Listed entries:

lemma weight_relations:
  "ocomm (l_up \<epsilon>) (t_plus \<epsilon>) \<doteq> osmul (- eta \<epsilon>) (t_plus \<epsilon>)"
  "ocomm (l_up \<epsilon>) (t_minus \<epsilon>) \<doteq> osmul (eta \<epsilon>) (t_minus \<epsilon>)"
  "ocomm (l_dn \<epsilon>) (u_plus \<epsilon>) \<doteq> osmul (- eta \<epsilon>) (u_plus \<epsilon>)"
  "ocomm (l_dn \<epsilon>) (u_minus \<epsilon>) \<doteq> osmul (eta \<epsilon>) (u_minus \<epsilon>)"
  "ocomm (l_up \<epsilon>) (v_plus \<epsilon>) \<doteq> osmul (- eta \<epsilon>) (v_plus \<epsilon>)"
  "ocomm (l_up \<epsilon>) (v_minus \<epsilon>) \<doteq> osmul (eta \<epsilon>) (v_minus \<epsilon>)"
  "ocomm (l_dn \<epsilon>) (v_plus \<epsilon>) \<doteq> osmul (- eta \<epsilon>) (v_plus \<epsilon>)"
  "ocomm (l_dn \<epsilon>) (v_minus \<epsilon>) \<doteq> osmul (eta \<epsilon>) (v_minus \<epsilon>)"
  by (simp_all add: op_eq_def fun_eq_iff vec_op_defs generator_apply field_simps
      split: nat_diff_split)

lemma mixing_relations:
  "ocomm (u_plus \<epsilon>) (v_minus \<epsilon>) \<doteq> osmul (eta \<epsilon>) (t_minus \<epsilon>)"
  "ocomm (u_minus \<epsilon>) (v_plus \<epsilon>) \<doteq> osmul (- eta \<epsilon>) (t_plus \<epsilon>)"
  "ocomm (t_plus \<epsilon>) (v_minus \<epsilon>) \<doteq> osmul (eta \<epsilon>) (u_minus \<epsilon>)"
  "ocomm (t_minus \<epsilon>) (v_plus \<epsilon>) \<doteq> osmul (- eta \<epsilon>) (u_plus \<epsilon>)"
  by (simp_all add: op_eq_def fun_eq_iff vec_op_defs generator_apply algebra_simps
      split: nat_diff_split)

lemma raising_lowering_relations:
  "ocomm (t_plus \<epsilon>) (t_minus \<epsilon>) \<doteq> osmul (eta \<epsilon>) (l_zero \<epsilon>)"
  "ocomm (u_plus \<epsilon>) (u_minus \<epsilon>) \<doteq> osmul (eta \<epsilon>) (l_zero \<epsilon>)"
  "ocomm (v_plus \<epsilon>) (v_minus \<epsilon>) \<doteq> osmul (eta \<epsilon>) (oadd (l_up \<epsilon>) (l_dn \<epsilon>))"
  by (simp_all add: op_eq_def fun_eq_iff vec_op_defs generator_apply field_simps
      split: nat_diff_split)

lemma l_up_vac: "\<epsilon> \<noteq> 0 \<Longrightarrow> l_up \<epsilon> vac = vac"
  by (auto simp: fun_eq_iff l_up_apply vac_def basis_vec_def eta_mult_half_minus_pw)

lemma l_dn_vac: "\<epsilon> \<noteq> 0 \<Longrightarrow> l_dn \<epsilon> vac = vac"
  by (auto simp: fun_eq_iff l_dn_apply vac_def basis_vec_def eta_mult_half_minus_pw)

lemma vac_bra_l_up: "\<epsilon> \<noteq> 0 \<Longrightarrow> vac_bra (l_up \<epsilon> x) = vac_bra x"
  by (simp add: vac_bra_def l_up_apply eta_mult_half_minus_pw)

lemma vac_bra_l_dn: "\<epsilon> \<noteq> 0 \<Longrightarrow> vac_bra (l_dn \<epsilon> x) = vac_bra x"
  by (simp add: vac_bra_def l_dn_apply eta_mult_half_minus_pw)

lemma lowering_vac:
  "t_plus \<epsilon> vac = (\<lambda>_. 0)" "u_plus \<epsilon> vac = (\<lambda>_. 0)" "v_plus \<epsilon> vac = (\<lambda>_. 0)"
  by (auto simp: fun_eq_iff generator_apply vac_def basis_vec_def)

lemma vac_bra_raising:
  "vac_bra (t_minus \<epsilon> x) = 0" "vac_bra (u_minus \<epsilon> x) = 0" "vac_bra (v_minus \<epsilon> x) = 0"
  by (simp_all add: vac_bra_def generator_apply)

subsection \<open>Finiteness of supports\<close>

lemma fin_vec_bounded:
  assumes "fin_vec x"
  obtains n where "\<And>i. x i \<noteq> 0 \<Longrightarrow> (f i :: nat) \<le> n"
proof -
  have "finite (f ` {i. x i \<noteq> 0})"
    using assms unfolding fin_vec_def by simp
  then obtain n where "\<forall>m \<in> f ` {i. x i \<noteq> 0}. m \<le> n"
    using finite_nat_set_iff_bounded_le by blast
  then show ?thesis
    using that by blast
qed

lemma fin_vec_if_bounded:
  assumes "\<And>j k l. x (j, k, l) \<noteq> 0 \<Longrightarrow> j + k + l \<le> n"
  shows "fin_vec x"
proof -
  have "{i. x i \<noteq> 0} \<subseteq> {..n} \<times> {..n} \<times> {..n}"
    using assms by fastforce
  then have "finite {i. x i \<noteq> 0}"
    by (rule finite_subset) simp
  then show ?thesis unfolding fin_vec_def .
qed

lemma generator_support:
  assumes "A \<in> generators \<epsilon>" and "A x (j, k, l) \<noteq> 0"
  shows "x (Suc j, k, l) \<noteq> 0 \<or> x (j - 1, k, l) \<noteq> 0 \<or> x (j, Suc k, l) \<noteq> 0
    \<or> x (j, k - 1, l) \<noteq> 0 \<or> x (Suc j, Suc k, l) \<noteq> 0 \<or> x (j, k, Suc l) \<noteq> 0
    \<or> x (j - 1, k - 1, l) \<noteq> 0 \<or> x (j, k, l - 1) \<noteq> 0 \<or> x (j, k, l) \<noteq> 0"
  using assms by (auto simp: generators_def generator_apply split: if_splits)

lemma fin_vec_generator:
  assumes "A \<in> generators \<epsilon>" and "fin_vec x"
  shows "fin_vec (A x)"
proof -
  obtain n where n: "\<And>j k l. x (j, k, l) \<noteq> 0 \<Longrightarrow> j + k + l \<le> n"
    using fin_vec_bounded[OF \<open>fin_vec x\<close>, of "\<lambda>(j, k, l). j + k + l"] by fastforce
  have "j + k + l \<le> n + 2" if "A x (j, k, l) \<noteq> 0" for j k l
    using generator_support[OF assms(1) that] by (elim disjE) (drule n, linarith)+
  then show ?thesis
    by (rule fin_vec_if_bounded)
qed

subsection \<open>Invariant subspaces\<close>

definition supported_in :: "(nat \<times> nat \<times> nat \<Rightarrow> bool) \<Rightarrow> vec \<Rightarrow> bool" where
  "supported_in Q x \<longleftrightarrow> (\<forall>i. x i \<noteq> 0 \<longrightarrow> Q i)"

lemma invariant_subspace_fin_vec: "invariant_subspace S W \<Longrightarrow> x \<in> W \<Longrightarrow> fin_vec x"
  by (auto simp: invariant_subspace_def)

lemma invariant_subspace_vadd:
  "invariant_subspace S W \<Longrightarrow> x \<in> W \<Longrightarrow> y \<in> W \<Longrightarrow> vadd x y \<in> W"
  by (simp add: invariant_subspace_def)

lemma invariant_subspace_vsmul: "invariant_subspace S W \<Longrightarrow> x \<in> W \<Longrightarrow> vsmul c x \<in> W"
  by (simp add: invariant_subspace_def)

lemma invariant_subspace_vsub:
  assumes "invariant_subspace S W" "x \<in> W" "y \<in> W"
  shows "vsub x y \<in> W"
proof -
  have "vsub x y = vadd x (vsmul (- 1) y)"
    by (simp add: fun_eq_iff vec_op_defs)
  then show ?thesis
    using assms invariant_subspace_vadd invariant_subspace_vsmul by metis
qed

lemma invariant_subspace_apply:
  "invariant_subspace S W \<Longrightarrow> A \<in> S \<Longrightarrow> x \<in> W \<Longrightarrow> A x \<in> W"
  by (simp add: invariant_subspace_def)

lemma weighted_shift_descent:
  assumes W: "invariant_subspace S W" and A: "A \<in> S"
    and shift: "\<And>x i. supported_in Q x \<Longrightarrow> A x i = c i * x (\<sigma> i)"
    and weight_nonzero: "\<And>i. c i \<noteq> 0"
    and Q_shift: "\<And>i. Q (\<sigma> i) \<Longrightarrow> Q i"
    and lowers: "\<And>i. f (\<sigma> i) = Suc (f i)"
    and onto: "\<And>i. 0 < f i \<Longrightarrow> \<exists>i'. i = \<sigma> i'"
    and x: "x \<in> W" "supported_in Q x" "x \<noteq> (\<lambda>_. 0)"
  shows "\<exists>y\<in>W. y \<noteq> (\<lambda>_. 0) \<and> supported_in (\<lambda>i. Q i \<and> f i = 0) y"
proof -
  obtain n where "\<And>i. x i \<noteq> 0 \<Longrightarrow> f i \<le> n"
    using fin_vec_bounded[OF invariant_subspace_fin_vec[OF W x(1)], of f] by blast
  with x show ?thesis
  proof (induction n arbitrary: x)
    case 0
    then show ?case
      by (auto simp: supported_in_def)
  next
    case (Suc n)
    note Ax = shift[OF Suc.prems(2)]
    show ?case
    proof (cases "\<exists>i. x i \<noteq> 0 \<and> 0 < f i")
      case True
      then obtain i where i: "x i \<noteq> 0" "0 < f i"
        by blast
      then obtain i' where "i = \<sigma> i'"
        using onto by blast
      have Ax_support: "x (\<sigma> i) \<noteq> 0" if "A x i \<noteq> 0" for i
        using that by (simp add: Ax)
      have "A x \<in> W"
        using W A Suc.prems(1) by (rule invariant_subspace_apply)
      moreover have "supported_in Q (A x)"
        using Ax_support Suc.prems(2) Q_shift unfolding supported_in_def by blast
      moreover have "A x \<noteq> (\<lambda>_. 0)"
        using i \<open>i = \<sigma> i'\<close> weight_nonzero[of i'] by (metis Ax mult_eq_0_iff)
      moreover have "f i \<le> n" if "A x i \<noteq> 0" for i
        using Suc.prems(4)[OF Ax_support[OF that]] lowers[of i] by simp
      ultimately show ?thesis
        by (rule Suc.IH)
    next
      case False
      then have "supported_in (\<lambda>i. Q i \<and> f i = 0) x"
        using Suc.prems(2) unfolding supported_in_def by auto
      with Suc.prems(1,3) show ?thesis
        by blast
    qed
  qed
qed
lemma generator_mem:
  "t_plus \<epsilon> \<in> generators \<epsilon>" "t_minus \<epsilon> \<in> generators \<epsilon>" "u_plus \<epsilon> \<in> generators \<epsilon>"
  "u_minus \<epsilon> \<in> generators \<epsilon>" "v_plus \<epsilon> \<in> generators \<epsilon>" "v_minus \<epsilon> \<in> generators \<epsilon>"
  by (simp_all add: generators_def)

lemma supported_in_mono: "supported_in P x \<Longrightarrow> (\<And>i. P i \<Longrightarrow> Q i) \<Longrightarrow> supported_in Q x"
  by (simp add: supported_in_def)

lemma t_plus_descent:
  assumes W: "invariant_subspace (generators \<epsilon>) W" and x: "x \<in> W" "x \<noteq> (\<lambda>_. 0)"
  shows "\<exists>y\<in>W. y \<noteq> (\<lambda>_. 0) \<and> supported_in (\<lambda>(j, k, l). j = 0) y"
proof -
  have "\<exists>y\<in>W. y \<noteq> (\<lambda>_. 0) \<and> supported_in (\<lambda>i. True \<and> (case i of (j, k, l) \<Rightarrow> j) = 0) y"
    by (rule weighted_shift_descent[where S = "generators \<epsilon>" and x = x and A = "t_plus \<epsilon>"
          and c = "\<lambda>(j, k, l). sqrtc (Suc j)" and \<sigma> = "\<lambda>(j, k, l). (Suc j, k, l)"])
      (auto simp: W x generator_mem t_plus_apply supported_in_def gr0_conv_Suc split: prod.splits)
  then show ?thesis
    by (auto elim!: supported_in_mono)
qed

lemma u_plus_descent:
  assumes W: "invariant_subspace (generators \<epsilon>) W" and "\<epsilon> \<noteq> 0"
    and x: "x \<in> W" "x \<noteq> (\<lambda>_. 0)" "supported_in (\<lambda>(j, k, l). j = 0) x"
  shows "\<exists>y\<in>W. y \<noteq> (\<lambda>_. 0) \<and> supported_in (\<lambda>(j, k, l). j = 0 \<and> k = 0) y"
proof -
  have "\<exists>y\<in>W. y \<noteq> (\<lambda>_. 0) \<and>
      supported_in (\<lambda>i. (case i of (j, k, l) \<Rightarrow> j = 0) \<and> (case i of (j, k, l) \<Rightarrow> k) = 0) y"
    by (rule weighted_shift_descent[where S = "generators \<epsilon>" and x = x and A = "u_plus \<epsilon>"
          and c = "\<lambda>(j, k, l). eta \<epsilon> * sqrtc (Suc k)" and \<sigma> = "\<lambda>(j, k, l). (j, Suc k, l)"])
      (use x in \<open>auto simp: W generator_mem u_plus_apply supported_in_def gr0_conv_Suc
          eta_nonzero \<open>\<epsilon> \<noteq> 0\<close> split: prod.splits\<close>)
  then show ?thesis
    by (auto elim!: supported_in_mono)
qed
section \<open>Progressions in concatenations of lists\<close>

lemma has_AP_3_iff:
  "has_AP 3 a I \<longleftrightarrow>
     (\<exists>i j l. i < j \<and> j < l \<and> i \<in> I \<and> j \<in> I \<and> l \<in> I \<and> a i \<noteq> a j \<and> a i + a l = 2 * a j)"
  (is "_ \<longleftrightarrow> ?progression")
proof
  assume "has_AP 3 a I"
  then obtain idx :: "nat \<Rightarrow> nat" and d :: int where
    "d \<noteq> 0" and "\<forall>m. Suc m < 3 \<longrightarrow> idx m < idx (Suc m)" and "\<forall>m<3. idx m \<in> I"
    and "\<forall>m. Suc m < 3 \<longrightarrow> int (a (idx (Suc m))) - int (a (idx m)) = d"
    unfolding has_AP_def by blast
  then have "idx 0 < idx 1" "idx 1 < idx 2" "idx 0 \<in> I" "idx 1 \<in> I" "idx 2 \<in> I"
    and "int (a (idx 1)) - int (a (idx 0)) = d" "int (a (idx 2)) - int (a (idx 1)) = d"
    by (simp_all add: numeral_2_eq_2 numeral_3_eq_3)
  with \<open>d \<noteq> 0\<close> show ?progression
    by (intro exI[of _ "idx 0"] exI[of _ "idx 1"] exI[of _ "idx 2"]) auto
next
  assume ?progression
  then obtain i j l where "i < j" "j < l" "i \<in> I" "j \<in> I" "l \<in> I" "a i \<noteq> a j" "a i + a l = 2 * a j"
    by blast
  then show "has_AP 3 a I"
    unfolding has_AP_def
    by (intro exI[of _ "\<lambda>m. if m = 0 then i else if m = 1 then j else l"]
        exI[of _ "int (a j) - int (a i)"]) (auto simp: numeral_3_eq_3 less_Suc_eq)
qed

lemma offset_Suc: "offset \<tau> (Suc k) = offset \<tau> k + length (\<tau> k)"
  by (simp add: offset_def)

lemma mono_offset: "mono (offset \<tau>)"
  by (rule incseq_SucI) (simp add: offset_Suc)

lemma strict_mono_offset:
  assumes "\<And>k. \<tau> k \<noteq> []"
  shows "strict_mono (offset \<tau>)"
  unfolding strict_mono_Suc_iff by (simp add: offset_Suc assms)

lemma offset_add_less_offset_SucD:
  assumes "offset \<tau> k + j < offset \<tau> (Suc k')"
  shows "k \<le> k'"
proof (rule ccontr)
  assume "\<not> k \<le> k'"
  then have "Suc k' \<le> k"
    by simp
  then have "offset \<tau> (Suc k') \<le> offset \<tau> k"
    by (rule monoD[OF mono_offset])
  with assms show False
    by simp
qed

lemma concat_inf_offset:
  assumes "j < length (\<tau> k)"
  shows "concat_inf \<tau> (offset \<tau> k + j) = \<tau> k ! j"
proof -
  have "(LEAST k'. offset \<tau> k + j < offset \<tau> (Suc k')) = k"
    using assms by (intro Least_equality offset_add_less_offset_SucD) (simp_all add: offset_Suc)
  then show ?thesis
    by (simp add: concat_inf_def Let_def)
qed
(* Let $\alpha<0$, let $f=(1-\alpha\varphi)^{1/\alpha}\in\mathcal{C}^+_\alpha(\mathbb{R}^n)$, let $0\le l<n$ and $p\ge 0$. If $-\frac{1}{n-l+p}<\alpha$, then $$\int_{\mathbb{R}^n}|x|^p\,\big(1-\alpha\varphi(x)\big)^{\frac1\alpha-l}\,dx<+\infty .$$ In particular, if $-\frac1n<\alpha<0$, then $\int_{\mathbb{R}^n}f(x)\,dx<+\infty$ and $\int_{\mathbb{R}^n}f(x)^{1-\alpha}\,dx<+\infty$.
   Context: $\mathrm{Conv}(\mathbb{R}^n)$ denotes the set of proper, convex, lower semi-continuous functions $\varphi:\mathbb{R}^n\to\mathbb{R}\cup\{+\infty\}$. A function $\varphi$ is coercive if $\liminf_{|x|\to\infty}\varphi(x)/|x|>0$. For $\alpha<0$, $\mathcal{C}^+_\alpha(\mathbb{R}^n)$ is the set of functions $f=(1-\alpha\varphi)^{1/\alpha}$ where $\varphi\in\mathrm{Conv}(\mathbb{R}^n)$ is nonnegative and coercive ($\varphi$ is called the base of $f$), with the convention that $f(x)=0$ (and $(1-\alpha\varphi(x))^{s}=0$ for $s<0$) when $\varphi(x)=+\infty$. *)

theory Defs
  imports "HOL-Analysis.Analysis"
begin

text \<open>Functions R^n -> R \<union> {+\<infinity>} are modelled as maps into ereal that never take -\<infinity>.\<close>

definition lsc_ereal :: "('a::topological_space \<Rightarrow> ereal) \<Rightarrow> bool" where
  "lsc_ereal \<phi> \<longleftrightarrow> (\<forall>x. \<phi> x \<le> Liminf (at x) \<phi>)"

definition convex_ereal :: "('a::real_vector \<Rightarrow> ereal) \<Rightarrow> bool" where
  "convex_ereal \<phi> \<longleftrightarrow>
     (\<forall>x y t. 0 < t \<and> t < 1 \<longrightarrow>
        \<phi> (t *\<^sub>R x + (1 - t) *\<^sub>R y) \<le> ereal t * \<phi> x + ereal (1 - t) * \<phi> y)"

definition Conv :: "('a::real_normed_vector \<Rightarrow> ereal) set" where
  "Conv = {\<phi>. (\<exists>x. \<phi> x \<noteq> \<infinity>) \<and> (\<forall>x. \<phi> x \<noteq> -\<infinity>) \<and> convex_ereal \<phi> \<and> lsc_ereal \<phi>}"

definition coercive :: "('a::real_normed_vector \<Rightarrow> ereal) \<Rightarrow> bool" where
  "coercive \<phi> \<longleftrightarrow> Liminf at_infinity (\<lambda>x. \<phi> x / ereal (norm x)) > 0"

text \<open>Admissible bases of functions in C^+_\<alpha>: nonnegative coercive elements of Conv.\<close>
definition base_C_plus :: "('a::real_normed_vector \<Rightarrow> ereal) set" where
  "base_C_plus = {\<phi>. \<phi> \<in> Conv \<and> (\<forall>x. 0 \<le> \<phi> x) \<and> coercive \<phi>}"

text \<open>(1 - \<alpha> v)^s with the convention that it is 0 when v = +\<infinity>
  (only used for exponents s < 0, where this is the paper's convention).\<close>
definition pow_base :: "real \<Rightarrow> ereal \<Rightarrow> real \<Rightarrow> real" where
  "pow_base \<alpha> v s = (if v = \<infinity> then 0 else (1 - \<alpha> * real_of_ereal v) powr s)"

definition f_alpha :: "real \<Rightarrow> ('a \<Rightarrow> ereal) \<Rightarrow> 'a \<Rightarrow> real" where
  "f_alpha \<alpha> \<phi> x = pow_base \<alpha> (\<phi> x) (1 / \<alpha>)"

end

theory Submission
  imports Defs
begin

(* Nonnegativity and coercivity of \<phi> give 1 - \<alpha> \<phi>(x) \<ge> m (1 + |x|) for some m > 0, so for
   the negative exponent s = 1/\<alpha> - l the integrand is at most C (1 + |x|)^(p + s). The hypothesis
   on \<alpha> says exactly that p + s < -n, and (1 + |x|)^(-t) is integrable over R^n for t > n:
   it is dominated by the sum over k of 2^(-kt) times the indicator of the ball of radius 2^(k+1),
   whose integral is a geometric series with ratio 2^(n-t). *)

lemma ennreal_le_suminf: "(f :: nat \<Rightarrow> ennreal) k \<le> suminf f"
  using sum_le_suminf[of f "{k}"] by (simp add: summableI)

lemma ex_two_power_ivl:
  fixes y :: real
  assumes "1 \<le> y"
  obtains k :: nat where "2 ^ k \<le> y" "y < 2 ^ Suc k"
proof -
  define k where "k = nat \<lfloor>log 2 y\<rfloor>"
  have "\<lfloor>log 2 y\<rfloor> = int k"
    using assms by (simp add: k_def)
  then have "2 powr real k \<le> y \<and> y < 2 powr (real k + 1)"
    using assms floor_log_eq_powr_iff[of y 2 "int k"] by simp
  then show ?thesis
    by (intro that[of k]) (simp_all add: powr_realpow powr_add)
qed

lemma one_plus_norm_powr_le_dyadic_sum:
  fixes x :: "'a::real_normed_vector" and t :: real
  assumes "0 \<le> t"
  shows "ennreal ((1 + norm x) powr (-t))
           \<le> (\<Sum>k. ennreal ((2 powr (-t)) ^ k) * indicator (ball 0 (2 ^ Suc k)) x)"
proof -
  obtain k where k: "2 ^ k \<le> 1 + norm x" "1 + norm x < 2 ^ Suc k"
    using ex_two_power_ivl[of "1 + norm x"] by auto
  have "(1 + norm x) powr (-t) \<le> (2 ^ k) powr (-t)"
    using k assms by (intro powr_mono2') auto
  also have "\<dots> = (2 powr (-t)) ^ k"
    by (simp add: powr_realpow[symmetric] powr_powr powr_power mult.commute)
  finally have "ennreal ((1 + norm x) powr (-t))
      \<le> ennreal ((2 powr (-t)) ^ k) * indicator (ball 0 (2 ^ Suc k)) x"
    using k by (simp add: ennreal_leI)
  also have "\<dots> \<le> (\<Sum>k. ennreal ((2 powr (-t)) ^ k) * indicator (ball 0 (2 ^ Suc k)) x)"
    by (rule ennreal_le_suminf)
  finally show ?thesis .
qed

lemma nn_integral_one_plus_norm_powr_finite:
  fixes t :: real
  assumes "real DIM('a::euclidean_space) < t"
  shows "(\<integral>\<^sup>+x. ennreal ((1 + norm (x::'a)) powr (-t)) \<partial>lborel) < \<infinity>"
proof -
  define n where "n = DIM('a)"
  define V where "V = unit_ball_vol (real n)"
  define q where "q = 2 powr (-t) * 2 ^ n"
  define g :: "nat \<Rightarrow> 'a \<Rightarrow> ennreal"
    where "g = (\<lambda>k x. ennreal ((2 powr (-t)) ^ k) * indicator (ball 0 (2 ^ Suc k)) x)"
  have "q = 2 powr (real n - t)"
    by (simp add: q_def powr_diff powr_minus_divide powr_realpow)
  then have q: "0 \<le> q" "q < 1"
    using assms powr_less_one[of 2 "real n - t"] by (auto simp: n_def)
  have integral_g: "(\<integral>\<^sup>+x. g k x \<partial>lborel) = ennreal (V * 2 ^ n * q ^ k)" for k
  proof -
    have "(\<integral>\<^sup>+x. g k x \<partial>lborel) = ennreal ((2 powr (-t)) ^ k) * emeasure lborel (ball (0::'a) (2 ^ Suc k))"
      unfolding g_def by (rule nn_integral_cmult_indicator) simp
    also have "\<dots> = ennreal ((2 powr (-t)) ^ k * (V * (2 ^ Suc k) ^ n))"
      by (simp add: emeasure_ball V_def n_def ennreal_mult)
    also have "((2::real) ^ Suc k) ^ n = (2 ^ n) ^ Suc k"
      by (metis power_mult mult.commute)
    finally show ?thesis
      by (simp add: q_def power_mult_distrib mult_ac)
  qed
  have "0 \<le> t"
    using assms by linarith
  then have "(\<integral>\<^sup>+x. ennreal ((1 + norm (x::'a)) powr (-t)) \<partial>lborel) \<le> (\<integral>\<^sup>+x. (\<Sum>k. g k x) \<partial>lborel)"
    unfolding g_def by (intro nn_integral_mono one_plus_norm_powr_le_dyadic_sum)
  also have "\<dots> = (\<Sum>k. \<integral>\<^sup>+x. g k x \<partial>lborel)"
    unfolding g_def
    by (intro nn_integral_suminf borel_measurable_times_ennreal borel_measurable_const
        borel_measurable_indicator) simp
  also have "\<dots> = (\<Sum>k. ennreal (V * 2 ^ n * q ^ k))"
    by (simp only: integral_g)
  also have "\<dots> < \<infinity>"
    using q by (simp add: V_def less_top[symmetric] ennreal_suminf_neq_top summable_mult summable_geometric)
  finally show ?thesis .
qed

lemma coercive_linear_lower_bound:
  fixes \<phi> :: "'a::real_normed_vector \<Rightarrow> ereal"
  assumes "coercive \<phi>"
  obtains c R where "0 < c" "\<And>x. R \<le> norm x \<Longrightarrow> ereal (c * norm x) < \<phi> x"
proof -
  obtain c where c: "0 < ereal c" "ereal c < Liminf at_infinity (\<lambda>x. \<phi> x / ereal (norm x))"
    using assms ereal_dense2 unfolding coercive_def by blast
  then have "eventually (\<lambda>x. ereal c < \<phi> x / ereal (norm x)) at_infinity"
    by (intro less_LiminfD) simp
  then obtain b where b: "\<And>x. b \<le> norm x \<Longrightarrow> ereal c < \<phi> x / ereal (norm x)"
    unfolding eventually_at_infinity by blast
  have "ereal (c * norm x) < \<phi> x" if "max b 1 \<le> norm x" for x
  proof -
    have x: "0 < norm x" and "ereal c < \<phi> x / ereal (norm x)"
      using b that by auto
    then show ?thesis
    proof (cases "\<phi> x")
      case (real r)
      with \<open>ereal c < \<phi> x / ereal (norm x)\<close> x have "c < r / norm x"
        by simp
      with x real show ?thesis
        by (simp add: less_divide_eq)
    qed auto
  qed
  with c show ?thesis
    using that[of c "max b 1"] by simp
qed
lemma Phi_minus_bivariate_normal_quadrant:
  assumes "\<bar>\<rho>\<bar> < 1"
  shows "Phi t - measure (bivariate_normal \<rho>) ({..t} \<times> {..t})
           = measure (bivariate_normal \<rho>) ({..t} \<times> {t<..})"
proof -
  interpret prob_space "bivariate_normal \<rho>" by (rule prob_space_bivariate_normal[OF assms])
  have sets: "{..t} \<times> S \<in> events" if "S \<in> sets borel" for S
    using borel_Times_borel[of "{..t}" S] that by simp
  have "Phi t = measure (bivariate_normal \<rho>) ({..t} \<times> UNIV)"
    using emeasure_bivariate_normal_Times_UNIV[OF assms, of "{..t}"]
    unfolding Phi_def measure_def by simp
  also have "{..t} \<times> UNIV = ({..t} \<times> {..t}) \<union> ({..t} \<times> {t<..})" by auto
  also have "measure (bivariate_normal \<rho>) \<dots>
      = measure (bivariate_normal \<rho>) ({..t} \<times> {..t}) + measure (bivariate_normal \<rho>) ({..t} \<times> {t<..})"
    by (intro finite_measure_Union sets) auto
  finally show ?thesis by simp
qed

Activity: Tell how many lines above contain the word "forall". Give the number alone.

Your response: 8